Municipal politics in London exposes the absurdity of government overreach. City Hall launches a half-million-dollar training program for all employees on “respect” and “woman abuse,” prompted by a 1999 incident long past. Taxpayers foot the bill while basic civility should already be expected from those hired to serve the public. Spending public money to rehabilitate offenders on the public payroll amounts to rewarding bad behavior instead of simply firing those responsible.

Garbage collection policies reveal similar nonsense. New bag limits and weight restrictions punish conscientious residents who already recycle diligently, while ignoring core service improvements. Conscientious citizens struggle under arbitrary rules imposed during extended pickup delays, yet administrators justify restrictions by citing other cities—hardly a principled argument.

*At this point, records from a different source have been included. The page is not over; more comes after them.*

lemma sign_char_mult:
  assumes x: "x \<in> sperms n" and y: "y \<in> sperms n"
  shows "sign_char n (sperm_mult x y) = sign_char n x * sign_char n y"
proof -
  have "sign_char n (sperm_mult x y) = (\<Prod>i<n. rat_sign (snd x (fst y i)) * rat_sign (snd y i))"
    unfolding sign_char_def sperm_mult_def using sperms_D(2)[OF x] sperms_D(2)[OF y]
    by (simp add: rat_sign_mult)
  also have "\<dots> = (\<Prod>i<n. rat_sign (snd x (fst y i))) * (\<Prod>i<n. rat_sign (snd y i))"
    by (rule prod.distrib)
  also have "(\<Prod>i<n. rat_sign (snd x (fst y i))) = (\<Prod>i<n. rat_sign (snd x i))"
    using prod.permute[OF sperms_D(1)[OF y], of "\<lambda>i. rat_sign (snd x i)"] by (simp add: o_def)
  finally show ?thesis unfolding sign_char_def by simp
qed

lemma sign_char_inv: "x \<in> sperms n \<Longrightarrow> sign_char n (sperm_inv x) = sign_char n x"
  using sign_char_mult[OF sperm_inv_in_sperms, of x n x] sperm_mult_inv(1)[of x n]
    sign_char_cases[of n x] sign_char_cases[of n "sperm_inv x"]
  by (auto simp: sign_char_def sperm_one_def rat_sign_def)

lemma fixed_axes_Suc:
  assumes x: "x \<in> sperms n"
  shows "fixed_axes (Suc n) x = fixed_axes n x + 1"
proof -
  have "{i. i < Suc n \<and> fst x i = i \<and> snd x i = 1} = insert n {i. i < n \<and> fst x i = i \<and> snd x i = 1}"
    using sperms_fixes_bound[OF x] by (auto simp: less_Suc_eq)
  thus ?thesis unfolding fixed_axes_def by simp
qed

lemma fixed_axes_neg_last: "fixed_axes (Suc n) (sperm_neg_last n x) = fixed_axes n x"
proof -
  have "{i. i < Suc n \<and> fst (sperm_neg_last n x) i = i \<and> snd (sperm_neg_last n x) i = 1}
      = {i. i < n \<and> fst x i = i \<and> snd x i = 1}"
    unfolding sperm_neg_last_def by (auto simp: less_Suc_eq)
  thus ?thesis unfolding fixed_axes_def by simp
qed

lemma fixed_axes_insert:
  assumes x: "x \<in> sperms n" and j: "j < n"
  shows "fixed_axes (Suc n) (sperm_insert n x j \<sigma>) + (if fst x j = j \<and> snd x j = 1 then 1 else 0)
    = fixed_axes n x"
proof -
  let ?S = "{i. i < n \<and> fst x i = i \<and> snd x i = 1}"
  have "{i. i < Suc n \<and> fst (sperm_insert n x j \<sigma>) i = i \<and> snd (sperm_insert n x j \<sigma>) i = 1} = ?S - {j}"
    using j sperms_D(5)[OF x j] sperms_fixes_bound[OF x]
    unfolding sperm_insert_def by (auto simp: less_Suc_eq transpose_def)
  thus ?thesis unfolding fixed_axes_def using j card.remove[of ?S j] by (auto simp: card_Diff_singleton_if)
qed

lemma sum_fixed_axes_insert:
  assumes x: "x \<in> sperms n"
  shows "(\<Sum>j<n. of_nat (fixed_axes (Suc n) (sperm_insert n x j \<sigma>)) :: 'a :: comm_ring_1)
    = (of_nat n - 1) * of_nat (fixed_axes n x)"
proof -
  have ind: "(\<Sum>j<n. if fst x j = j \<and> snd x j = 1 then 1 else 0) = fixed_axes n x"
    unfolding fixed_axes_def by (simp add: sum.If_cases Int_def conj_commute)
  have "(\<Sum>j<n. fixed_axes (Suc n) (sperm_insert n x j \<sigma>) + (if fst x j = j \<and> snd x j = 1 then 1 else 0))
      = (\<Sum>j<n. fixed_axes n x)"
    using fixed_axes_insert[OF x] by (intro sum.cong) simp_all
  hence "(\<Sum>j<n. fixed_axes (Suc n) (sperm_insert n x j \<sigma>)) + fixed_axes n x = n * fixed_axes n x"
    unfolding sum.distrib ind by simp
  hence "(\<Sum>j<n. of_nat (fixed_axes (Suc n) (sperm_insert n x j \<sigma>)) :: 'a) + of_nat (fixed_axes n x)
      = of_nat n * of_nat (fixed_axes n x)"
    by (metis of_nat_add of_nat_mult of_nat_sum)
  thus ?thesis by (simp add: algebra_simps eq_diff_eq)
qed

section \<open>Generating polynomials of the fixed-space dimension\<close>

definition fixdim_poly :: "nat \<Rightarrow> (signed_perm \<Rightarrow> rat) \<Rightarrow> rat poly" where
  "fixdim_poly n w = (\<Sum>x\<in>sperms n. monom (w x) (fixdim n (sperm_mat n x)))"

lemma fixdim_poly_cong: "(\<And>x. x \<in> sperms n \<Longrightarrow> v x = w x) \<Longrightarrow> fixdim_poly n v = fixdim_poly n w"
  unfolding fixdim_poly_def by (intro sum.cong) auto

Global warming debates shift to economics, where carbon taxes emerge as the latest forced intervention. Proponents promise revenue-neutral shifts that somehow fund everything without consequences, but reality demonstrates otherwise. Artificially hiking energy prices shrinks economies and lowers living standards; no free lunch exists when governments manipulate markets through coercion disguised as “pricing signals.”

Healthcare discussions highlight dangers of single-payer systems. Private insurance faces legitimate criticism for claim denials, yet replacing it with government as both provider and referee guarantees even less accountability. Countries experimenting with fully socialized models now move toward privatization, while advocates here push in the opposite direction. Dental care proposals follow the same flawed logic—promising “free” services that inevitably ration access and inflate costs.

Marijuana prohibition persists as one of the most irrational policies on the books. Canadians consume at rates far exceeding global averages, even surpassing nations where the drug is tolerated. Criminalization creates black markets and inflated prices for a plant that grows virtually anywhere, while legalization with reasonable taxation offers a far more rational approach.

These issues all connect through one common thread: governments assuming control over individual choices, always with unintended consequences that justify yet more control. Recognizing this pattern remains just right.